:: Task goal ::
Answer with a number only, stating how many lines of the records hold the word "lambda".

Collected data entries

•••••

lemma finite_span_exact_middle:
  assumes "module s2" "module s3" "vector_space s4"
    and V2: "module.subspace s2 V2" and V3: "module.subspace s3 V3"
    and f: "lin_on s2 s3 V2 f" and g: "lin_on s3 s4 V3 g"
    and exact: "f ` V2 = {y \<in> V3. g y = 0}"
    and B2: "finite B2" "B2 \<subseteq> V2" "module.span s2 B2 = V2"
    and B4: "finite B4" "g ` V3 \<subseteq> module.span s4 B4"
  shows "\<exists>B. finite B \<and> B \<subseteq> V3 \<and> module.span s3 B = V3"
proof -
  interpret M2: module s2 by fact
  interpret M3: module s3 by fact
  interpret V4: vector_space s4 by fact
  obtain C4 where C4: "finite C4" "C4 \<subseteq> g ` V3" "g ` V3 \<subseteq> V4.span C4"
    by (rule V4.finite_spanning_subset[OF B4(2,1)])
  obtain C where C: "C \<subseteq> V3" "finite C" "C4 = g ` C"
    using finite_subset_image[OF C4(1,2)] by blast
  define G where "G = f ` B2 \<union> C"
  have f_V2: "f ` V2 \<subseteq> V3" using exact by blast
  have G: "finite G" "G \<subseteq> V3" unfolding G_def using B2 C f_V2 by auto
  have "V3 \<subseteq> M3.span G"
  proof
    fix x assume x: "x \<in> V3"
    have "g x \<in> V4.span (g ` C)" using x C4(3) C(3) by blast
    also have "\<dots> = g ` M3.span C"
      by (rule lin_on_image_span[OF assms(2) V4.module_axioms V3 g C(1), symmetric])
    finally obtain y where y: "y \<in> M3.span C" "g x = g y" by blast
    have y_V3: "y \<in> V3" using y(1) M3.span_minimal[OF C(1) V3] by blast
    have "g (x - y) = 0" using lin_on_diff[OF assms(2) V3 g x y_V3] y(2) by simp
    then have "x - y \<in> f ` V2" using exact M3.subspace_diff[OF V3 x y_V3] by simp
    also have "\<dots> = M3.span (f ` B2)"
      using lin_on_image_span[OF assms(1,2) V2 f B2(2)] B2(3) by simp
    finally have "x - y \<in> M3.span G" using M3.span_mono[of "f ` B2" G] unfolding G_def by blast
    moreover have "y \<in> M3.span G" using y(1) M3.span_mono[of C G] unfolding G_def by blast
    ultimately have "(x - y) + y \<in> M3.span G" by (rule M3.span_add)
    then show "x \<in> M3.span G" by simp
  qed
  then have "M3.span G = V3" using M3.span_minimal[OF G(2) V3] by blast
  then show ?thesis using G by blast
qed
text \<open>Inversion preserves null sets: with \<open>S = {(x, y). y\<^sup>-\<^sup>1 x \<in> E}\<close>, Tonelli computes
  \<open>(\<mu> \<times> \<mu>)(S)\<close> once as \<open>\<mu>(E\<^sup>-\<^sup>1) \<mu>(G)\<close> and once as \<open>0\<close>, using only left invariance.\<close>

lemma emeasure_inv_vimage_eq_0:
  assumes E: "E \<in> sets borel" "emeasure \<mu> E = 0"
  shows "emeasure \<mu> ((\<lambda>x. inv x) -` E) = 0"
proof -
  interpret sf: sigma_finite_measure \<mu> by (rule sigma_finite)
  interpret pair_sigma_finite \<mu> \<mu> by (simp add: pair_sigma_finite_def sigma_finite)
  let ?Ei = "(\<lambda>x. inv x) -` E"
  have Ei: "?Ei \<in> sets borel"
    by (rule borel_vimage_continuous[OF continuous_on_inv[OF continuous_on_id] E(1)])
  define S where "S = (\<lambda>z. inv (snd z) \<otimes> fst z) -` E"
  have "S \<in> sets (borel :: ('g \<times> 'g) measure)" unfolding S_def
    by (intro borel_vimage_continuous continuous_on_mult continuous_on_inv
        continuous_on_fst continuous_on_snd continuous_on_id E(1))
  moreover have "sets (\<mu> \<Otimes>\<^sub>M \<mu>) = sets (borel :: ('g \<times> 'g) measure)"
    using sets_pair_measure_cong[of \<mu> borel \<mu> borel] by (simp only: sets_mu borel_prod)
  ultimately have S: "S \<in> sets (\<mu> \<Otimes>\<^sub>M \<mu>)" by simp
  have "emeasure (\<mu> \<Otimes>\<^sub>M \<mu>) S = (\<integral>\<^sup>+ x. emeasure \<mu> (Pair x -` S) \<partial>\<mu>)"
    by (rule sf.emeasure_pair_measure_alt[OF S])
  also have "\<dots> = (\<integral>\<^sup>+ x. emeasure \<mu> ((\<lambda>y. x \<otimes> y) ` ?Ei) \<partial>\<mu>)"
    unfolding lmult_image_eq_vimage S_def vimage_def by (simp add: inv_mult_group)
  also have "\<dots> = emeasure \<mu> ?Ei * emeasure \<mu> UNIV"
    using emeasure_lmult_image[OF Ei] by simp
  finally have "emeasure (\<mu> \<Otimes>\<^sub>M \<mu>) S = emeasure \<mu> ?Ei * emeasure \<mu> UNIV" .
  moreover have "emeasure (\<mu> \<Otimes>\<^sub>M \<mu>) S = (\<integral>\<^sup>+ y. emeasure \<mu> ((\<lambda>x. (x, y)) -` S) \<partial>\<mu>)"
    by (rule emeasure_pair_measure_alt2[OF S])
  moreover have "\<dots> = (\<integral>\<^sup>+ y. emeasure \<mu> ((\<lambda>x. y \<otimes> x) ` E) \<partial>\<mu>)"
    unfolding lmult_image_eq_vimage S_def vimage_def by simp
  moreover have "\<dots> = 0" using emeasure_lmult_image[OF E(1)] E(2) by simp
  moreover have "emeasure \<mu> UNIV > 0"
    using haar unfolding left_haar_def by auto
  ultimately show ?thesis by (auto simp: mult_eq_0_iff)
qed
(* Let $u$ be a node with a set of incident directed edges $(u,v)$, each with identifier $\mathrm{id}(u,v)=\mathrm{id}(u)\circ\mathrm{id}(v)$ (concatenation); each such edge is blue if $v$ is playing and red otherwise, and $u$ does not know which edges are blue. Let $h_1,\dots,h_s$ be independent, perfectly random hash functions mapping edges to $[q]=\{0,\dots,q-1\}$ (the trials); an edge participates in trial $i$ if $h_j(e)=i$ for some $j$. For each trial $i$, $u$ knows $X(i)$ (the XOR of identifiers of all its edges participating in trial $i$), $x(i)$ (their number), $X'(i)$ (the XOR of identifiers of its blue edges participating in trial $i$) and $x'(i)$ (their number). Node $u$ repeatedly does the following while possible: find a trial $i$ with $x(i)=x'(i)+1$, identify the red edge with identifier $X(i)\oplus X'(i)$, and for every trial $i'$ in which this edge participates replace $X(i')$ by $X(i')\oplus$ (its identifier) and decrease $x(i')$ by $1$. Suppose $u$ is incident to at most $p$ red edges, $s\ge 4$ and $q\ge 4esp$. Then for every positive integer $k$, \[ \Pr[u\text{ fails to identify at least }k\text{ red edges}]\le 2\left(\frac{2sk}{q}\right)^{(s-2)k/2}. \]
   Context: This is the analysis of an identification procedure in which a node $u$ wants to learn which of its neighbors belong to a set of "playing" nodes; the values $X'(i),x'(i)$ are assumed to be delivered to $u$ correctly. "Fails to identify" refers to red edges that remain unidentified when the procedure stops. *)

theory Defs
  imports "HOL-Probability.Probability"
begin

text \<open>Hash functions: H j e is the value of the hash function h_j (j < s) on edge e;
  the s hash functions are independent, perfectly random functions E \<rightarrow> [q],
  i.e. H is drawn uniformly from the following finite set.\<close>
definition hash_space :: "'e set \<Rightarrow> nat \<Rightarrow> nat \<Rightarrow> (nat \<Rightarrow> 'e \<Rightarrow> nat) set" where
  "hash_space E s q = PiE {..<s} (\<lambda>_. PiE E (\<lambda>_. {..<q}))"

definition participates :: "nat \<Rightarrow> (nat \<Rightarrow> 'e \<Rightarrow> nat) \<Rightarrow> 'e \<Rightarrow> nat \<Rightarrow> bool" where
  "participates s H e i \<longleftrightarrow> (\<exists>j<s. H j e = i)"

text \<open>One step of the identification procedure, on the set S of still unidentified red
  edges: a trial i with x(i) = x'(i) + 1 is exactly a trial in which exactly one
  unidentified red edge participates; that edge e (whose identifier is X(i) xor X'(i))
  gets identified and removed.\<close>
definition peel_step :: "nat \<Rightarrow> (nat \<Rightarrow> 'e \<Rightarrow> nat) \<Rightarrow> 'e set \<Rightarrow> 'e set \<Rightarrow> bool" where
  "peel_step s H S S' \<longleftrightarrow>
     (\<exists>e\<in>S. S' = S - {e} \<and>
        (\<exists>i. participates s H e i \<and> {e'\<in>S. participates s H e' i} = {e}))"

definition stuck :: "nat \<Rightarrow> (nat \<Rightarrow> 'e \<Rightarrow> nat) \<Rightarrow> 'e set \<Rightarrow> bool" where
  "stuck s H S \<longleftrightarrow> \<not> (\<exists>S'. peel_step s H S S')"

definition fails_at_least :: "'e set \<Rightarrow> nat \<Rightarrow> (nat \<Rightarrow> 'e \<Rightarrow> nat) \<Rightarrow> nat \<Rightarrow> bool" where
  "fails_at_least R s H k \<longleftrightarrow>
     (\<exists>S. (peel_step s H)\<^sup>*\<^sup>* R S \<and> stuck s H S \<and> card S \<ge> k)"

end

(* If the procedure gets stuck with a set S of t >= k unidentified red edges, then every trial
   touched by S is touched by at least two edges of S, so the s t hash values of the edges of S
   lie in a set M of floor(s t / 2) trials. A union bound over S and M bounds the failure
   probability by the sum over t >= k of C(|R|, t) C(q, floor(s t / 2)) (floor(s t / 2) / q)^(s t).
   With C(n, m) <= (e n / m)^m and q >= 4 e s p, the t-th term is at most
   2^(-t) (2 s k / q)^((s - 2) k / 2), and the geometric factors sum to at most 2. *)

theory Submission
  imports Defs
begin

definition touched_trials :: "nat \<Rightarrow> (nat \<Rightarrow> 'e \<Rightarrow> nat) \<Rightarrow> 'e set \<Rightarrow> nat set" where
  "touched_trials s H S = {i. \<exists>e\<in>S. participates s H e i}"

lemma peel_reachable_subset: "(peel_step s H)\<^sup>*\<^sup>* R S \<Longrightarrow> S \<subseteq> R"
  by (induction rule: rtranclp_induct) (auto simp: peel_step_def)

lemma stuck_trial_shared:
  assumes "stuck s H S" and "e \<in> S" and "participates s H e i"
  shows "\<exists>e'\<in>S. e' \<noteq> e \<and> participates s H e' i"
proof (rule ccontr)
  assume "\<not> ?thesis"
  then have "peel_step s H S (S - {e})"
    using assms(2,3) unfolding peel_step_def by blast
  then show False using assms(1) by (simp add: stuck_def)
qed

lemma stuck_card_touched_trials:
  assumes "finite S" and "stuck s H S"
  shows "2 * card (touched_trials s H S) \<le> s * card S"
proof -
  define U where "U = touched_trials s H S"
  define edges_in where "edges_in i = {e\<in>S. participates s H e i}" for i
  have U_eq: "U = (\<Union>e\<in>S. (\<lambda>j. H j e) ` {..<s})"
    by (auto simp: U_def touched_trials_def participates_def)
  have "2 * card U = (\<Sum>i\<in>U. 2)" by simp
  also have "\<dots> \<le> (\<Sum>i\<in>U. card (edges_in i))"
  proof (rule sum_mono)
    fix i assume "i \<in> U"
    then obtain e where e: "e \<in> S" "participates s H e i"
      by (auto simp: U_def touched_trials_def)
    then obtain e' where "e' \<in> S" "e' \<noteq> e" "participates s H e' i"
      using stuck_trial_shared[OF assms(2)] by blast
    with e have "card {e, e'} \<le> card (edges_in i)"
      using assms(1) by (intro card_mono) (auto simp: edges_in_def)
    with \<open>e' \<noteq> e\<close> show "2 \<le> card (edges_in i)" by simp
  qed
  also have "\<dots> = (\<Sum>e\<in>S. card {i\<in>U. participates s H e i})"
    unfolding edges_in_def using assms(1) U_eq by (intro sum_multicount_gen[symmetric]) auto
  also have "\<dots> \<le> (\<Sum>e\<in>S. s)"
  proof (rule sum_mono)
    fix e
    have "{i\<in>U. participates s H e i} \<subseteq> (\<lambda>j. H j e) ` {..<s}"
      by (auto simp: participates_def)
    then have "card {i\<in>U. participates s H e i} \<le> card ((\<lambda>j. H j e) ` {..<s})"
      by (intro card_mono) auto
    also have "\<dots> \<le> s"
      using card_image_le[of "{..<s}" "\<lambda>j. H j e"] by simp
    finally show "card {i\<in>U. participates s H e i} \<le> s" .
  qed
  finally show ?thesis by (simp add: U_def mult.commute)
qed

definition hashes_within :: "nat \<Rightarrow> 'e set \<Rightarrow> nat set \<Rightarrow> (nat \<Rightarrow> 'e \<Rightarrow> nat) set" where
  "hashes_within s S M = {H. \<forall>j<s. \<forall>e\<in>S. H j e \<in> M}"

lemma fails_at_least_imp_hashes_within:
  assumes "finite R" and "R \<subseteq> E" and "H \<in> hash_space E s q" and "s * card R \<le> q"
    and "fails_at_least R s H k"
  obtains S M where "S \<subseteq> R" and "k \<le> card S" and "M \<subseteq> {..<q}" and "card M = s * card S div 2"
    and "H \<in> hashes_within s S M"
proof -
  obtain S where reach: "(peel_step s H)\<^sup>*\<^sup>* R S" and "stuck s H S" and "k \<le> card S"
    using assms(5) by (auto simp: fails_at_least_def)
  have "S \<subseteq> R" using peel_reachable_subset[OF reach] .
  then have "finite S" using assms(1) finite_subset by blast
  define U where "U = touched_trials s H S"
  have "2 * card U \<le> s * card S"
    using stuck_card_touched_trials[OF \<open>finite S\<close> \<open>stuck s H S\<close>] by (simp add: U_def)
  then have "card U \<le> s * card S div 2" by linarith
  have "card S \<le> card R" using \<open>S \<subseteq> R\<close> assms(1) by (rule card_mono[rotated])
  then have "s * card S \<le> q" using assms(4) by (meson mult_le_mono2 le_trans)
  then have "s * card S div 2 \<le> card {..<q}" by (metis card_lessThan div_le_dividend le_trans)
  have "H j e < q" if "j < s" and "e \<in> E" for j e
    using assms(3) that by (auto simp: hash_space_def PiE_iff)
  then have "U \<subseteq> {..<q}"
    using \<open>S \<subseteq> R\<close> assms(2) by (auto simp: U_def touched_trials_def participates_def)
  \<comment> \<open>padding U to exactly floor(s t / 2) trials lets the union bound range over sets M of one size\<close>
  then obtain M where "U \<subseteq> M" "M \<subseteq> {..<q}" "card M = s * card S div 2"
    using exists_subset_between \<open>card U \<le> s * card S div 2\<close> \<open>s * card S div 2 \<le> card {..<q}\<close>
    by (metis finite_lessThan)
  moreover have "H \<in> hashes_within s S M"
    using \<open>U \<subseteq> M\<close> by (auto simp: hashes_within_def U_def touched_trials_def participates_def)
  ultimately show ?thesis using that \<open>S \<subseteq> R\<close> \<open>k \<le> card S\<close> by blast
qed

•••••

:: Answer section ::
11